■ **Work order**: Print the lines of the data, starting with the first, up to and including the line where "(if b' then b" appears.

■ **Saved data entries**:
lemma prob_unbalanced_swaps_le:
  assumes I: "finite I" and k: "0 \<le> k"
  shows "measure_pmf.prob (Pi_pmf I False (\<lambda>_. bernoulli_pmf (1/2))) (unbalanced_swaps I a b k)
           \<le> exp (- k / 10)"
proof -
  define \<mu> \<nu> :: real where "\<mu> = 4/15" and "\<nu> = 1/6"
  define f s :: "'a \<Rightarrow> bool \<Rightarrow> real"
    where "f x b' = of_bool (if b' then b x else a x)"
      and "s x b' = of_bool (if b' then a x else b x)" for x b'
  define \<phi> where "\<phi> x b' = exp (\<mu> * s x b' - (\<mu> + \<nu>) * f x b')" for x b'
  let ?M = "Pi_pmf I False (\<lambda>_. bernoulli_pmf (1/2))"
  let ?c = "exp ((\<nu> - \<mu>) * k)"
  \<comment> \<open>Exponential Markov bound; \<open>\<mu>\<close> and \<open>\<nu>\<close> make each factor have mean at most 1
    and \<open>\<nu> - \<mu> = -1/10\<close>.\<close>
  have "measure_pmf.prob ?M (unbalanced_swaps I a b k)
      \<le> measure_pmf.expectation ?M (\<lambda>\<sigma>. ?c * (\<Prod>x\<in>I. \<phi> x (\<sigma> x)))"
  proof (rule measure_pmf_prob_le_expectation)
    fix \<sigma> assume "\<sigma> \<in> unbalanced_swaps I a b k"
    then have "(\<Sum>x\<in>I. f x (\<sigma> x)) \<le> k" "2 * k \<le> (\<Sum>x\<in>I. s x (\<sigma> x))"
      by (auto simp: unbalanced_swaps_def f_def s_def)
    then have "0 \<le> (\<nu> - \<mu>) * k + (\<mu> * (\<Sum>x\<in>I. s x (\<sigma> x)) - (\<mu> + \<nu>) * (\<Sum>x\<in>I. f x (\<sigma> x)))"
      by (simp add: \<mu>_def \<nu>_def)
    also have "\<dots> = ln (?c * (\<Prod>x\<in>I. \<phi> x (\<sigma> x)))"
      by (simp add: \<phi>_def ln_mult ln_prod I prod_pos sum_subtractf sum_distrib_left)
    finally show "1 \<le> ?c * (\<Prod>x\<in>I. \<phi> x (\<sigma> x))"
      by (simp add: \<phi>_def prod_pos)
  qed (use I in \<open>auto simp: \<phi>_def finite_set_Pi_pmf intro!: integrable_prod_Pi_pmf
      integrable_measure_pmf_finite mult_nonneg_nonneg prod_nonneg\<close>)
  also have "\<dots> = ?c * (\<Prod>x\<in>I. measure_pmf.expectation (bernoulli_pmf (1/2)) (\<phi> x))"
    by (subst integral_mult_right_zero, subst expectation_prod_Pi_pmf[OF I])
       (auto simp: \<phi>_def intro!: integrable_measure_pmf_finite)
  also have "\<dots> \<le> ?c * 1"
  proof (intro mult_left_mono prod_le_1 conjI)
    fix x
    have "\<phi> x True + \<phi> x False \<le> 2"
      using exp_4_15_plus_exp_neg_13_30_le_2
      by (cases "a x"; cases "b x") (auto simp: \<phi>_def s_def f_def \<mu>_def \<nu>_def)
    then show "measure_pmf.expectation (bernoulli_pmf (1/2)) (\<phi> x) \<le> 1" by simp
  qed (auto simp: \<phi>_def)
  also have "\<dots> = exp (- k / 10)" by (simp add: \<mu>_def \<nu>_def)
  finally show ?thesis .
qed

section \<open>Symmetrization\<close>

definition admissible :: "('d::finite) hyp set \<Rightarrow> 'd set set \<Rightarrow> nat \<Rightarrow> (nat \<Rightarrow> 'd hyp) \<Rightarrow> bool" where
  "admissible C V n h \<longleftrightarrow> (\<forall>i<n. h i \<in> C) \<and> (\<Union>i<n. Rel (h i)) \<in> V"

lemma sample_pmf_eq_map_curry:
  "sample_pmf n m D = map_pmf curry (Pi_pmf ({..<n} \<times> {..<m}) undefined (\<lambda>x. D (fst x)))"
  using Pi_pmf_Pi_pmf_eq_map_curry[of "{..<n}" "{..<m}" undefined "\<lambda>i _. D i"]
  by (simp add: sample_pmf_def case_prod_unfold)

lemma emp_err_curry:
  "emp_err n m h (curry F) =
     (\<Sum>x\<in>{..<n} \<times> {..<m}. of_bool (h (fst x) (fst (F x)) \<noteq> snd (F x))) / (real n * real m)"
  by (simp add: emp_err_def sum.cartesian_product case_prod_unfold of_bool_def)

lemma patterns_subset_lists:
  "patterns C V n m S \<subseteq> {xs. set xs \<subseteq> {ys. length ys = m} \<and> length xs = n}"
  by (auto simp: patterns_def)

lemma finite_lists_of_lists_length_eq:
  "finite {xs :: 'a::finite list list. set xs \<subseteq> {ys. length ys = m} \<and> length xs = n}"
  using finite_lists_length_eq[of "UNIV :: 'a set" m] by (intro finite_lists_length_eq) simp

lemma finite_patterns: "finite (patterns C V n m S)"
  by (rule finite_subset[OF patterns_subset_lists finite_lists_of_lists_length_eq])

lemma card_patterns_le_shatter: "card (patterns C V n m S) \<le> shatter C V n m"
proof -
  have "{card (patterns C V n m S') | S'. True}
      \<subseteq> {..card {xs :: bool list list. set xs \<subseteq> {ys. length ys = m} \<and> length xs = n}}"
    using card_mono[OF finite_lists_of_lists_length_eq patterns_subset_lists] by auto
  then have "finite {card (patterns C V n m S') | S'. True}"
    by (rule finite_subset) simp
  then show ?thesis
    unfolding shatter_def by (intro Max_ge) auto
qed

definition ghost_gap_event :: "('d::finite) hyp set \<Rightarrow> 'd set set \<Rightarrow> nat \<Rightarrow> nat \<Rightarrow> real
    \<Rightarrow> (nat \<times> nat \<Rightarrow> 'd example \<times> 'd example) set" where
  "ghost_gap_event C V n m \<epsilon> = {T. \<exists>h. admissible C V n h
      \<and> emp_err n m h (curry (fst \<circ> T)) \<le> \<epsilon> \<and> 2 * \<epsilon> \<le> emp_err n m h (curry (snd \<circ> T))}"

definition ghost_points ::
    "nat \<Rightarrow> (nat \<times> nat \<Rightarrow> ('d::finite) example \<times> 'd example) \<Rightarrow> nat \<Rightarrow> nat \<Rightarrow> 'd point" where
  "ghost_points m T i j = (if j < m then fst (fst (T (i, j))) else fst (snd (T (i, j - m))))"

lemma swap_ghost_gap_event_subset:
  assumes "0 < n" "0 < m"
  shows "{\<sigma>. swap_at \<sigma> T \<in> ghost_gap_event C V n m \<epsilon>}
    \<subseteq> (\<Union>p\<in>patterns C V n (2 * m) (ghost_points m T).
          unbalanced_swaps ({..<n} \<times> {..<m}) (\<lambda>x. p ! fst x ! snd x \<noteq> snd (fst (T x)))
            (\<lambda>x. p ! fst x ! (m + snd x) \<noteq> snd (snd (T x))) (real n * real m * \<epsilon>))"
proof
  let ?I = "{..<n} \<times> {..<m}"
  fix \<sigma> assume "\<sigma> \<in> {\<sigma>. swap_at \<sigma> T \<in> ghost_gap_event C V n m \<epsilon>}"
  then obtain h where adm: "admissible C V n h"
    and first: "emp_err n m h (curry (fst \<circ> swap_at \<sigma> T)) \<le> \<epsilon>"
    and second: "2 * \<epsilon> \<le> emp_err n m h (curry (snd \<circ> swap_at \<sigma> T))"
    unfolding ghost_gap_event_def by auto
  define p where "p = map (\<lambda>i. map (\<lambda>j. h i (ghost_points m T i j)) [0..<2 * m]) [0..<n]"
  define a b where "a x = (p ! fst x ! snd x \<noteq> snd (fst (T x)))"
    and "b x = (p ! fst x ! (m + snd x) \<noteq> snd (snd (T x)))" for x
  have "p \<in> patterns C V n (2 * m) (ghost_points m T)"
    using adm by (auto simp: patterns_def p_def admissible_def)
  have "a x = (h (fst x) (fst (fst (T x))) \<noteq> snd (fst (T x)))"
    and "b x = (h (fst x) (fst (snd (T x))) \<noteq> snd (snd (T x)))" if "x \<in> ?I" for x
    using that by (auto simp: a_def b_def p_def ghost_points_def)
  then have "(h (fst x) (fst (fst (swap_at \<sigma> T x))) \<noteq> snd (fst (swap_at \<sigma> T x)))
        = (if \<sigma> x then b x else a x)"
    and "(h (fst x) (fst (snd (swap_at \<sigma> T x))) \<noteq> snd (snd (swap_at \<sigma> T x)))
        = (if \<sigma> x then a x else b x)"
    if "x \<in> ?I" for x
    using that by (auto simp: swap_at_def)
  then have "emp_err n m h (curry (fst \<circ> swap_at \<sigma> T))
        = (\<Sum>x\<in>?I. of_bool (if \<sigma> x then b x else a x)) / (real n * real m)"
    and "emp_err n m h (curry (snd \<circ> swap_at \<sigma> T))
        = (\<Sum>x\<in>?I. of_bool (if \<sigma> x then a x else b x)) / (real n * real m)"
    unfolding emp_err_curry by (auto intro!: sum.cong arg_cong[where f = "\<lambda>s. s / _"])
  with first second assms have "\<sigma> \<in> unbalanced_swaps ?I a b (real n * real m * \<epsilon>)"
    by (simp add: unbalanced_swaps_def field_simps)
  with \<open>p \<in> _\<close> show "\<sigma> \<in> (\<Union>p\<in>patterns C V n (2 * m) (ghost_points m T).
          unbalanced_swaps ?I (\<lambda>x. p ! fst x ! snd x \<noteq> snd (fst (T x)))
            (\<lambda>x. p ! fst x ! (m + snd x) \<noteq> snd (snd (T x))) (real n * real m * \<epsilon>))"
    unfolding a_def b_def by blast
qed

■ **Worked solution**:
lemma prob_unbalanced_swaps_le:
  assumes I: "finite I" and k: "0 \<le> k"
  shows "measure_pmf.prob (Pi_pmf I False (\<lambda>_. bernoulli_pmf (1/2))) (unbalanced_swaps I a b k)
           \<le> exp (- k / 10)"
proof -
  define \<mu> \<nu> :: real where "\<mu> = 4/15" and "\<nu> = 1/6"
  define f s :: "'a \<Rightarrow> bool \<Rightarrow> real"
    where "f x b' = of_bool (if b' then b x else a x)"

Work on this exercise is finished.